The Experts Weigh In
Think Before You Speak
In social media, if there’s an opportunity for something to be interpreted negatively, it will be. You really have to be careful with your words; that means writing things and not hitting Send. We always tell our clients to put themselves in the position of the people they’re talking to and try to communicate with that perspective in mind. Chargify’s big challenge now is convincing customers that it won’t continue to change pricing policies whenever it gets “data” that say the company could be making more money with a different model.

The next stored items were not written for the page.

lemma distr_sort_pair_eq:
  fixes \<mu> \<nu> :: "(real \<times> real) measure"
  assumes "finite_measure \<mu>" "finite_measure \<nu>" "sets \<mu> = sets borel" "sets \<nu> = sets borel"
    and symmetrized_eq: "\<And>a b. measure \<mu> ({..a} \<times> {..b}) + measure \<mu> ({..b} \<times> {..a})
      = measure \<nu> ({..a} \<times> {..b}) + measure \<nu> ({..b} \<times> {..a})"
  shows "distr \<mu> borel sort_pair = distr \<nu> borel sort_pair"
proof (rule finite_measure_eqI_atMost)
  fix s t :: real
  have "measure \<mu> (sort_pair -` {..(s, t)}) = measure \<nu> (sort_pair -` {..(s, t)})"
    using symmetrized_eq[of "min s t" t] symmetrized_eq[of "min s t" "min s t"]
    by (simp add: measure_sort_pair_vimage_atMost assms(1-4))
  moreover have "sort_pair \<in> \<mu> \<rightarrow>\<^sub>M borel" "sort_pair \<in> \<nu> \<rightarrow>\<^sub>M borel"
    using assms(3,4) by (simp_all cong: measurable_cong_sets)
  ultimately show "measure (distr \<mu> borel sort_pair) {..(s, t)}
      = measure (distr \<nu> borel sort_pair) {..(s, t)}"
    using assms(3,4) by (simp add: measure_distr sets_eq_imp_space_eq[of _ borel])
qed (use assms in \<open>auto intro: finite_measure.finite_measure_distr\<close>)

CEO, Maslansky Luntz + Partners
New York City
It’s Going to Cost Them
We compete with Chargify and have spent three years working in this market. The owners of these small companies — even if they are free customers — see themselves as having made a significant investment in time, resources, and energy to integrate with your product. If you grandfather a bunch of the early evangelists, it makes them feel special — and more inclined to talk up your service. Chargify didn’t do that, and I think it’s going to cost the company more in bad will than it would in money if Chargify had supported those free customers for a few more months or a year.
Raleigh, North Carolina
Time to Move On
Chargify’s new pricing was fine, though everything around its introduction was obviously done the wrong way. It was smart of Hauser to admit on his blog post that Chargify had screwed up; it showed his human side. Ultimately, the company did what it needed to do to try to appease customers and move on. That’s smart; if you continue to try to defend your position too strongly against people who think you wronged them, it only shows you’re not paying attention.